The goal I'm trying to achieve is to read a generic UserType which is Sized into a bunch of "backup" registers on an embedded device to keep the value stored between full resets of the device.
I'm trying to figure out how I can read the given UserType as a list of &[u8; X] without doing any form of memcpy. The best I found so far is core::mem::transmute but it says in the documentation that underneath the hood it does a memcpy.
NOTE: I'm fully aware this is unsafe and has aliasing and padding issues. This is for an embedded project and I'll be handling the padding for the "last bytes on the last 32bit register" myself.
If you transmute a reference, it will only memcpy the reference itself, which is no problem. But at that level, you might as well just do a pointer cast, &*(bytes as *const [u8; X] as *const UserType).
Make sure your types are #[repr(C)], otherwise the byte-wise layout is not guaranteed.
What do you mean exactly by that? In my case when the device resets I need to "reconstruct" the user type/value back from the 32bit registers. I'm hoping internally the type value byte strcuture, while possibly not defined cleanly (LLVM etc.) is at least constant
Also you should use &[MaybeUninit<u8>; X] so that you dont cause UB if there are padding bytes. Notr that uninitalized u8 may be UB to construct, but this hasn't been decided yet. To be on the safe side use MaybeUninit<u8> instead of u8
See this section in the reference about representations. The default makes no guarantees about alignment, padding, nor even field order. Yes, the compiler has to be internally consistent -- but this could change from run to run, and it has changed before between compiler versions. On the other hand, repr(C) notes:
The second purpose is to create types that you can soundly perform operations on that rely on data layout such as reinterpreting values as a different type.

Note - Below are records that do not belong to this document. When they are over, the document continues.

(* If $a,b$ are integers with $a>1$ and $b>1$, then \[\overline{p}(a)\,\overline{p}(b)>\overline{p}(a+b).\]
   Context: An overpartition of a nonnegative integer $n$ is a partition of $n$ in which the first occurrence of each distinct part may be overlined. $\overline{p}(n)$ denotes the number of overpartitions of $n$. *)

theory Defs
  imports Main "HOL-Library.Multiset"
begin

text \<open>An overpartition of n: a partition M of n together with the set S of distinct
part sizes whose first occurrence is overlined (any subset of the distinct parts).\<close>

definition overpartitions :: "nat \<Rightarrow> (nat multiset \<times> nat set) set" where
  "overpartitions n = {(M, S). (\<forall>x\<in>#M. 0 < x) \<and> sum_mset M = n \<and> S \<subseteq> set_mset M}"

definition overpartition_count :: "nat \<Rightarrow> nat" where
  "overpartition_count n = card (overpartitions n)"

end

theory Submission
  imports Defs
begin

text \<open>Write \<open>p(n)\<close> for the number of overpartitions of \<open>n\<close> and \<open>E(n)\<close> for the set of
  overpartitions of \<open>n\<close> without a non-overlined part 1. Removing a non-overlined 1 shows
  \<open>p(n) = p(n - 1) + |E(n)|\<close>, hence \<open>p(b + a) = p(b) + |E(b + 1)| + \<dots> + |E(b + a)|\<close>
  and \<open>p(a) = 1 + |E(1)| + \<dots> + |E(a)|\<close>. An overpartition of \<open>b\<close> and an element of \<open>E(j)\<close> combine
  into an element of \<open>E(b + j)\<close> by absorbing the ones of the former into the latter, and every
  element of \<open>E(b + j)\<close> arises this way (split off a maximal sub-multiset of sum at most \<open>b\<close>
  and make up the difference with ones). Thus \<open>|E(b + j)| \<le> p(b) |E(j)|\<close>, strictly for
  \<open>j = 2 \<le> b\<close> where the combination is not injective, and summing over \<open>j\<close> gives
  \<open>p(a + b) < p(a) p(b)\<close>.\<close>

lemma overpartitions_iff:
  "(M, S) \<in> overpartitions n \<longleftrightarrow> (\<forall>x\<in>#M. 0 < x) \<and> sum_mset M = n \<and> S \<subseteq> set_mset M"
  by (simp add: overpartitions_def)

lemma member_le_sum_mset: "(x::nat) \<in># M \<Longrightarrow> x \<le> sum_mset M"
  by (auto dest: multi_member_split)

lemma size_le_sum_mset: "\<forall>x\<in>#M. 0 < (x::nat) \<Longrightarrow> size M \<le> sum_mset M"
  by (induction M) auto

lemma finite_overpartitions: "finite (overpartitions n)"
proof (rule finite_subset)
  show "overpartitions n \<subseteq> (\<Union>k\<le>n. multisets_of_size {1..n} k) \<times> Pow {1..n}"
  proof
    fix p assume p: "p \<in> overpartitions n"
    obtain M S where p_eq: "p = (M, S)" by fastforce
    from p p_eq have pos: "\<forall>x\<in>#M. 0 < x" and sum: "sum_mset M = n" and S: "S \<subseteq> set_mset M"
      by (simp_all add: overpartitions_iff)
    have "set_mset M \<subseteq> {1..n}"
      using pos sum member_le_sum_mset by (fastforce simp: Suc_le_eq)
    moreover have "size M \<le> n"
      using size_le_sum_mset[OF pos] sum by simp
    ultimately show "p \<in> (\<Union>k\<le>n. multisets_of_size {1..n} k) \<times> Pow {1..n}"
      using S p_eq by (auto simp: multisets_of_size_def)
  qed
qed (auto intro: finite_multisets_of_size)

lemma overpartitions_0: "overpartitions 0 = {({#}, {})}"
proof -
  have "M = {#}" if "\<forall>x\<in>#M. 0 < (x::nat)" "sum_mset M = 0" for M
    using that by (cases M) auto
  then show ?thesis by (fastforce simp: overpartitions_def)
qed

lemma overpartition_count_0 [simp]: "overpartition_count 0 = 1"
  by (simp add: overpartition_count_def overpartitions_0)

definition one_free_overpartitions :: "nat \<Rightarrow> (nat multiset \<times> nat set) set" where
  "one_free_overpartitions n = {(M, S) \<in> overpartitions n. 1 \<notin># M}"

lemma one_free_overpartitions_iff:
  "(M, S) \<in> one_free_overpartitions n \<longleftrightarrow>
     (\<forall>x\<in>#M. 2 \<le> x) \<and> sum_mset M = n \<and> S \<subseteq> set_mset M"
proof -
  have "(0 < x \<and> x \<noteq> 1) \<longleftrightarrow> 2 \<le> x" for x :: nat
    by arith
  then show ?thesis
    unfolding one_free_overpartitions_def overpartitions_iff by blast
qed

lemma finite_one_free_overpartitions: "finite (one_free_overpartitions n)"
  using finite_overpartitions by (simp add: one_free_overpartitions_def case_prod_unfold)

fun add_one_part :: "(nat multiset \<times> nat set) \<times> bool \<Rightarrow> nat multiset \<times> nat set" where
  "add_one_part ((M, S), overlined) = (add_mset 1 M, if overlined then insert 1 S else S)"

fun remove_one_part :: "nat multiset \<times> nat set \<Rightarrow> (nat multiset \<times> nat set) \<times> bool" where
  "remove_one_part (M, S) =
     (if 1 \<in> S \<and> count M 1 = 1 then ((M - {#1#}, S - {1}), True) else ((M - {#1#}, S), False))"

lemma bij_betw_add_one_part:
  "bij_betw add_one_part (overpartitions n \<times> {False} \<union> one_free_overpartitions n \<times> {True})
     {(M, S) \<in> overpartitions (Suc n). 1 \<in># M}"
proof (rule bij_betw_byWitness[where f' = remove_one_part])
  show "\<forall>x\<in>overpartitions n \<times> {False} \<union> one_free_overpartitions n \<times> {True}.
          remove_one_part (add_one_part x) = x"
    by (auto simp: overpartitions_iff one_free_overpartitions_def count_eq_zero_iff)
  show "\<forall>y\<in>{(M, S) \<in> overpartitions (Suc n). 1 \<in># M}. add_one_part (remove_one_part y) = y"
    by (auto simp: overpartitions_iff)
  show "add_one_part ` (overpartitions n \<times> {False} \<union> one_free_overpartitions n \<times> {True})
          \<subseteq> {(M, S) \<in> overpartitions (Suc n). 1 \<in># M}"
    by (auto simp: overpartitions_iff one_free_overpartitions_def)
  show "remove_one_part ` {(M, S) \<in> overpartitions (Suc n). 1 \<in># M}
          \<subseteq> overpartitions n \<times> {False} \<union> one_free_overpartitions n \<times> {True}"
  proof (rule image_subsetI)
    fix p assume "p \<in> {(M, S) \<in> overpartitions (Suc n). 1 \<in># M}"
    then obtain M S where p: "p = (M, S)" and MS: "(M, S) \<in> overpartitions (Suc n)"
      and "1 \<in># M" by blast
    then obtain M' where M: "M = add_mset 1 M'" by (blast dest: multi_member_split)
    show "remove_one_part p \<in> overpartitions n \<times> {False} \<union> one_free_overpartitions n \<times> {True}"
      using MS by (cases "1 \<in># M'") (auto simp: p M overpartitions_iff one_free_overpartitions_def)
  qed
qed

text \<open>A pair \<open>((M, S), True)\<close> of \<open>one_free_tagged n\<close> stands for the overpartition of \<open>n\<close>
  obtained by adding an overlined part 1 to \<open>(M, S)\<close>. So \<open>one_free_tagged n\<close> encodes the
  overpartitions of \<open>n\<close> without a non-overlined 1, and for \<open>n \<ge> 1\<close> there are exactly
  \<open>overpartition_count n - overpartition_count (n - 1)\<close> of them.\<close>

definition one_free_tagged :: "nat \<Rightarrow> ((nat multiset \<times> nat set) \<times> bool) set" where
  "one_free_tagged n = one_free_overpartitions n \<times> {False} \<union> one_free_overpartitions (n - 1) \<times> {True}"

Ah I see. That's OK tho. This is meant for resets of the device, it doesn't need to be consistent between re-uploads of the program. It's also not a serialization (strictly speaking), but more of a cache. Main use cases will be things like counters, measurement results being stored between hardware sleeps on the embedded device.
I just wanted to make it easier to work with than by accesing 16 individual u32 registers.

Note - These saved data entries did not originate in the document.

(* Let $0<t_0\le1/2$. For every integer $k\ge0$, every $t\in[t_0,1]$, every integer $0\le j\le 2k$ and all $(m_1,\eta_1)\in\mathbb Z\times\mathbb R$, $$|\partial_{\eta_1}^j\rho_k|\le 8^j\frac{(2k)!}{(2k-j)!}\rho_{k-\frac j2}.$$
   Context: For $\sigma\ge0$ and $t\in[t_0,1]$, $\rho_\sigma(m_1,\eta_1)=\big((t-t_0)\eta_1^2+(t-t_0)^2m_1\eta_1+\frac{(t-t_0)^3}{3}m_1^2\big)^\sigma$ (the base is nonnegative), with the convention $\rho_0=1$. *)

theory Defs
  imports "HOL-Analysis.Analysis"
begin

definition rho_base :: "real \<Rightarrow> real \<Rightarrow> real \<Rightarrow> real \<Rightarrow> real" where
  "rho_base t0 t m eta = (t - t0) * eta^2 + (t - t0)^2 * m * eta + (t - t0)^3 / 3 * m^2"

definition rho :: "real \<Rightarrow> real \<Rightarrow> real \<Rightarrow> real \<Rightarrow> real \<Rightarrow> real" where
  "rho t0 t \<sigma> m eta = (if \<sigma> = 0 then 1 else (rho_base t0 t m eta) powr \<sigma>)"

end

theory Submission
  imports Defs "HOL-Computational_Algebra.Polynomial"
begin

text \<open>For \<open>0 \<le> a = t - t0 \<le> 1\<close> the base is a quadratic polynomial \<open>B\<close> in \<open>\<eta>\<close> with
  \<open>B \<ge> 0\<close>, \<open>B'\<^sup>2 = 4 a B - a\<^sup>4 m\<^sup>2 / 3 \<le> 4 B\<close>, \<open>\<bar>B''\<bar> = 2 a \<le> 2\<close> and \<open>B''' = 0\<close>,
  and \<open>\<rho>\<^sub>k = B\<^sup>k\<close>. In the Leibniz rule for the \<open>j\<close>-th derivative of \<open>B \<cdot> B\<^sup>k\<close> only three
  terms survive, and by induction on \<open>k\<close> the three bounds on \<open>B\<close> give
  \<open>\<bar>D\<^sup>j (B\<^sup>k)\<bar> \<le> j! (2k choose j) B^(k - j/2)\<close>; the constants propagate by Pascal's rule
  applied twice.\<close>

lemma two_times_choose_two: "2 * (j choose 2) = j * (j - 1)"
proof -
  have "even (j * (j - 1))" by (cases "even j") auto
  then show ?thesis unfolding choose_two by simp
qed

lemma fact_binomial_add_two:
  "fact j * real ((n + 2) choose j) = fact j * real (n choose j)
     + 2 * real j * (fact (j - 1) * real (n choose (j - 1)))
     + 2 * real (j choose 2) * (fact (j - 2) * real (n choose (j - 2)))"
proof (cases "j < 2")
  case True
  then consider "j = 0" | "j = 1" by linarith
  then show ?thesis by cases (simp_all add: numeral_2_eq_2)
next
  case False
  then obtain i where j: "j = i + 2" by (metis add.commute le_Suc_ex not_less)
  have pascal: "real ((n + 2) choose j)
      = real (n choose i) + 2 * real (n choose (i + 1)) + real (n choose (i + 2))"
    by (simp add: j numeral_2_eq_2)
  have choose: "real (j choose 2) = real j * (real j - 1) / 2"
    using arg_cong[OF two_times_choose_two[of j], of real] False by simp
  have facts: "fact j = real j * (real j - 1) * fact i" "fact (j - 1) = (real j - 1) * fact i"
    by (simp_all add: j numeral_2_eq_2 algebra_simps)
  have "j - 1 = i + 1" "j - 2 = i" using j by simp_all
  then show ?thesis unfolding pascal choose facts by (simp add: j algebra_simps)
qed

lemma binomial_mult_power_diff:
  fixes r :: "'a::comm_semiring_1"
  shows "of_nat (n choose i) * r ^ (n - i) * r ^ e = of_nat (n choose i) * r ^ (n + e - i)"
proof (cases "i \<le> n")
  case True
  then show ?thesis by (simp add: power_add[symmetric] mult.assoc)
qed (simp add: binomial_eq_0)

lemma higher_deriv_poly: "(deriv ^^ j) (poly p) = poly ((pderiv ^^ j) p)"
proof (induction j)
  case (Suc j)
  then show ?case by (simp add: poly_DERIV[THEN DERIV_imp_deriv])
qed simp

lemma higher_pderiv_one: "(pderiv ^^ Suc j) 1 = 0"
  by (induction j) simp_all

text \<open>The truncated indices \<open>j - 1\<close> and \<open>j - 2\<close> only occur with the factors \<open>j\<close> and
  \<open>j choose 2\<close>, which vanish whenever the truncation takes effect.\<close>

lemma higher_pderiv_mult_quadratic:
  fixes B P :: "'a::{comm_semiring_1,semiring_no_zero_divisors} poly"
  assumes "pderiv (pderiv (pderiv B)) = 0"
  shows "(pderiv ^^ j) (B * P) = B * (pderiv ^^ j) P
     + of_nat j * (pderiv B * (pderiv ^^ (j - 1)) P)
     + of_nat (j choose 2) * (pderiv (pderiv B) * (pderiv ^^ (j - 2)) P)"
proof (induction j)
  case 0 then show ?case by (simp add: binomial_eq_0)
next
  case (Suc j)
  have "Suc j choose 2 = j + (j choose 2)" by (simp add: numeral_2_eq_2)
  with Suc show ?case
    by (cases j; cases "j - 1")
      (simp_all add: pderiv_add pderiv_mult assms algebra_simps numeral_2_eq_2 mult_2_right)
qed

lemma leibniz_quadratic_bound:
  fixes r b1 b2 :: real and p :: "nat \<Rightarrow> real"
  assumes r: "0 \<le> r" and b1: "\<bar>b1\<bar> \<le> 2 * r" and b2: "\<bar>b2\<bar> \<le> 2"
    and p: "\<And>i. \<bar>p i\<bar> \<le> fact i * real (n choose i) * r ^ (n - i)"
  shows "\<bar>r\<^sup>2 * p j + real j * (b1 * p (j - 1)) + real (j choose 2) * (b2 * p (j - 2))\<bar>
    \<le> fact j * real ((n + 2) choose j) * r ^ (n + 2 - j)"
proof -
  define F where "F i = fact i * real (n choose i)" for i
  have p': "\<bar>p i\<bar> \<le> F i * r ^ (n - i)" for i
    using p unfolding F_def .
  have shift: "F i * r ^ (n - i) * r ^ e = F i * r ^ (n + e - i)" for i e
    unfolding F_def using binomial_mult_power_diff[of n i r e] by (simp add: mult.assoc)
  have T0: "\<bar>r\<^sup>2 * p i\<bar> \<le> F i * r ^ (n + 2 - i)" for i
  proof -
    have "\<bar>r\<^sup>2 * p i\<bar> \<le> F i * r ^ (n - i) * r\<^sup>2"
      using mult_left_mono[OF p'[of i], of "r\<^sup>2"] by (simp add: abs_mult mult.commute)
    then show ?thesis by (simp only: shift)
  qed
  have T1: "\<bar>b1 * p i\<bar> \<le> 2 * (F i * r ^ (n + 1 - i))" for i
  proof -
    have "\<bar>b1 * p i\<bar> \<le> 2 * (F i * r ^ (n - i) * r ^ 1)"
      using mult_mono[OF b1 p'[of i]] r by (simp add: abs_mult mult_ac)
    then show ?thesis by (simp only: shift)
  qed
  have T2: "\<bar>b2 * p i\<bar> \<le> 2 * (F i * r ^ (n - i))" for i
    using mult_mono[OF b2 p'[of i]] by (simp add: abs_mult)
  have e1: "real j * (2 * (F (j - 1) * r ^ (n + 1 - (j - 1))))
      = 2 * real j * F (j - 1) * r ^ (n + 2 - j)"
    by (cases j) simp_all
  have e2: "real (j choose 2) * (2 * (F (j - 2) * r ^ (n - (j - 2))))
      = 2 * real (j choose 2) * F (j - 2) * r ^ (n + 2 - j)"
    by (cases "j < 2") (simp_all add: binomial_eq_0)
  have "\<bar>r\<^sup>2 * p j + real j * (b1 * p (j - 1)) + real (j choose 2) * (b2 * p (j - 2))\<bar>
      \<le> \<bar>r\<^sup>2 * p j\<bar> + real j * \<bar>b1 * p (j - 1)\<bar> + real (j choose 2) * \<bar>b2 * p (j - 2)\<bar>"
    by (simp add: abs_mult order_trans[OF abs_triangle_ineq add_mono])
  also have "\<dots> \<le> F j * r ^ (n + 2 - j) + real j * (2 * (F (j - 1) * r ^ (n + 1 - (j - 1))))
      + real (j choose 2) * (2 * (F (j - 2) * r ^ (n - (j - 2))))"
    by (intro add_mono mult_left_mono T0 T1 T2) simp_all
  also have "\<dots> = (F j + 2 * real j * F (j - 1) + 2 * real (j choose 2) * F (j - 2)) * r ^ (n + 2 - j)"
    by (simp only: e1 e2 distrib_right)
  also have "\<dots> = fact j * real ((n + 2) choose j) * r ^ (n + 2 - j)"
    unfolding F_def fact_binomial_add_two ..
  finally show ?thesis .
qed

lemma higher_pderiv_power_bound:
  fixes B :: "real poly" and x :: real
  assumes B3: "pderiv (pderiv (pderiv B)) = 0" and B0: "0 \<le> poly B x"
    and B1: "\<bar>poly (pderiv B) x\<bar> \<le> 2 * sqrt (poly B x)"
    and B2: "\<bar>poly (pderiv (pderiv B)) x\<bar> \<le> 2"
  shows "\<bar>poly ((pderiv ^^ j) (B ^ k)) x\<bar>
    \<le> fact j * real ((2 * k) choose j) * sqrt (poly B x) ^ (2 * k - j)"
proof (induction k arbitrary: j)
  case 0
  then show ?case by (cases j) (simp_all add: higher_pderiv_one del: funpow.simps)
next
  case (Suc k)
  let ?r = "sqrt (poly B x)"
  let ?p = "\<lambda>i. poly ((pderiv ^^ i) (B ^ k)) x"
  have "poly ((pderiv ^^ j) (B ^ Suc k)) x = ?r\<^sup>2 * ?p j + real j * (poly (pderiv B) x * ?p (j - 1))
      + real (j choose 2) * (poly (pderiv (pderiv B)) x * ?p (j - 2))"
    using B0 by (simp add: higher_pderiv_mult_quadratic[OF B3])
  also have "\<bar>\<dots>\<bar> \<le> fact j * real ((2 * k + 2) choose j) * ?r ^ (2 * k + 2 - j)"
    by (rule leibniz_quadratic_bound[OF _ B1 B2 Suc.IH]) (simp add: B0)
  finally show ?case by simp
qed

definition rho_base_poly :: "real \<Rightarrow> real \<Rightarrow> real poly" where
  "rho_base_poly a m = [:a ^ 3 / 3 * m\<^sup>2, a\<^sup>2 * m, a:]"

lemma poly_rho_base_poly: "poly (rho_base_poly (t - t0) m) e = rho_base t0 t m e"
  unfolding rho_base_poly_def rho_base_def by (simp add: algebra_simps power2_eq_square)

lemma rho_base_poly_nonneg:
  assumes "0 \<le> a"
  shows "0 \<le> poly (rho_base_poly a m) e"
proof -
  have "poly (rho_base_poly a m) e = a * (e + a * m / 2)\<^sup>2 + a ^ 3 * m\<^sup>2 / 12"
    unfolding rho_base_poly_def by (simp add: power2_eq_square power3_eq_cube algebra_simps)
  then show ?thesis using assms by simp
qed

lemma pderiv_rho_base_poly_bound:
  assumes "0 \<le> a" "a \<le> 1"
  shows "\<bar>poly (pderiv (rho_base_poly a m)) e\<bar> \<le> 2 * sqrt (poly (rho_base_poly a m) e)"
proof -
  let ?B = "poly (rho_base_poly a m) e"
  have "(poly (pderiv (rho_base_poly a m)) e)\<^sup>2 = 4 * a * ?B - a ^ 4 * m\<^sup>2 / 3"
    unfolding rho_base_poly_def
    by (simp add: pderiv_pCons power2_eq_square power3_eq_cube power4_eq_xxxx algebra_simps)
  also have "\<dots> \<le> 4 * ?B"
  proof -
    have "a * ?B \<le> ?B"
      using mult_right_mono[OF assms(2) rho_base_poly_nonneg[OF assms(1)]] by simp
    moreover have "0 \<le> a ^ 4 * m\<^sup>2 / 3" by simp
    ultimately show ?thesis by linarith
  qed
  finally show ?thesis
    using real_sqrt_le_mono real_sqrt_abs by (metis real_sqrt_four real_sqrt_mult)
qed

lemma second_pderiv_rho_base_poly_bound:
  "0 \<le> a \<Longrightarrow> a \<le> 1 \<Longrightarrow> \<bar>poly (pderiv (pderiv (rho_base_poly a m))) e\<bar> \<le> 2"
  unfolding rho_base_poly_def by (simp add: pderiv_pCons)

lemma third_pderiv_rho_base_poly: "pderiv (pderiv (pderiv (rho_base_poly a m))) = 0"
  unfolding rho_base_poly_def by (simp add: pderiv_pCons)

lemma rho_nonneg: "0 \<le> rho t0 t \<sigma> m e"
  by (simp add: rho_def)

lemma rho_half_integer:
  assumes "t0 \<le> t"
  shows "rho t0 t (real n / 2) m e = sqrt (rho_base t0 t m e) ^ n"
proof (cases "n = 0 \<or> rho_base t0 t m e = 0")
  case True
  then show ?thesis by (auto simp: rho_def)
next
  case False
  moreover have "0 \<le> rho_base t0 t m e"
    using rho_base_poly_nonneg[of "t - t0"] assms by (simp add: poly_rho_base_poly)
  ultimately show ?thesis
    by (simp add: rho_def powr_half_sqrt_powr powr_realpow real_sqrt_power)
qed

lemma rho_eq_poly_power:
  assumes "t0 \<le> t"
  shows "rho t0 t (real k) m = poly (rho_base_poly (t - t0) m ^ k)"
proof
  fix e
  have "rho t0 t (real (2 * k) / 2) m e = sqrt (rho_base t0 t m e) ^ (2 * k)"
    using rho_half_integer[OF assms] .
  then show "rho t0 t (real k) m e = poly (rho_base_poly (t - t0) m ^ k) e"
    using rho_base_poly_nonneg[of "t - t0" m e] assms
    by (simp add: power_mult poly_power poly_rho_base_poly)
qed

lemma rho_minus_half:
  assumes "t0 \<le> t" "j \<le> 2 * k"
  shows "rho t0 t (real k - real j / 2) m e = sqrt (rho_base t0 t m e) ^ (2 * k - j)"
proof -
  have "real k - real j / 2 = real (2 * k - j) / 2"
    using assms(2) by (simp add: of_nat_diff)
  then show ?thesis by (simp only: rho_half_integer[OF assms(1)])
qed

lemma higher_deriv_rho_bound:
  assumes "t0 \<le> t" "t - t0 \<le> 1" "j \<le> 2 * k"
  shows "\<bar>(deriv ^^ j) (rho t0 t (real k) m) e\<bar>
    \<le> fact (2 * k) / fact (2 * k - j) * rho t0 t (real k - real j / 2) m e"
proof -
  define B where "B = rho_base_poly (t - t0) m"
  have a: "0 \<le> t - t0" "t - t0 \<le> 1" using assms by auto
  have "\<bar>(deriv ^^ j) (rho t0 t (real k) m) e\<bar> = \<bar>poly ((pderiv ^^ j) (B ^ k)) e\<bar>"
    unfolding rho_eq_poly_power[OF assms(1)] higher_deriv_poly B_def ..
  also have "\<dots> \<le> fact j * real ((2 * k) choose j) * sqrt (poly B e) ^ (2 * k - j)"
    unfolding B_def
    by (intro higher_pderiv_power_bound third_pderiv_rho_base_poly rho_base_poly_nonneg
        pderiv_rho_base_poly_bound second_pderiv_rho_base_poly_bound a)
  also have "\<dots> = fact (2 * k) / fact (2 * k - j) * rho t0 t (real k - real j / 2) m e"
    unfolding rho_minus_half[OF assms(1,3)] B_def poly_rho_base_poly
    using binomial_fact[OF assms(3), where 'a = real] by (simp add: field_simps)
  finally show ?thesis .
qed

theorem lemma4p1:
  fixes t0 t eta :: real and k j :: nat and m :: int
  assumes "0 < t0" "t0 \<le> 1/2" "t0 \<le> t" "t \<le> 1" "j \<le> 2 * k"
  shows "\<bar>((deriv ^^ j) (\<lambda>e. rho t0 t (real k) (real_of_int m) e)) eta\<bar>
    \<le> 8 ^ j * (fact (2 * k) / fact (2 * k - j)) * rho t0 t (real k - real j / 2) (real_of_int m) eta"
proof -
  have "\<bar>((deriv ^^ j) (\<lambda>e. rho t0 t (real k) (real_of_int m) e)) eta\<bar>
      \<le> 1 * (fact (2 * k) / fact (2 * k - j) * rho t0 t (real k - real j / 2) (real_of_int m) eta)"
    using higher_deriv_rho_bound assms by simp
  also have "\<dots> \<le> 8 ^ j * (fact (2 * k) / fact (2 * k - j) * rho t0 t (real k - real j / 2) (real_of_int m) eta)"
    by (intro mult_right_mono) (simp_all add: rho_nonneg)
  finally show ?thesis by (simp only: mult.assoc)
qed

end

Didn't do the coercing into 32bit chunks with padding yet, but seems promising. I didn't check if transmute does indeed do a copy in --release mode, but it does require Copy trait.
OK I think this is the "best" solution so far. If you see a way to simplify further shoot but I think it's "good enough" (NOTE: we're not caring about padding here)
Reading and writing to padding is UB so even if you don't care about padding, you must make sure that either there are no padding bytes or that you don't read or write to them.
More importantly, transmuting a shared reference into a unique reference is UB (no matter how you do it). I.e. you are not allowed to write to a &T no matter how you do it. (Fix)
Well I do need to care about padding since the memory I'm writing the data to is a bunch of u32 registers. This means that it'll always be possible that the user data (e.g. type) will be using say just 1 byte of the last u32 register in line and when I'm trying to read it back directly from the registers I'd be writing out of bounds depending on alignment/padding.
Is there a way to force a type to be repr(C) for example? That'd make things a bit more defined.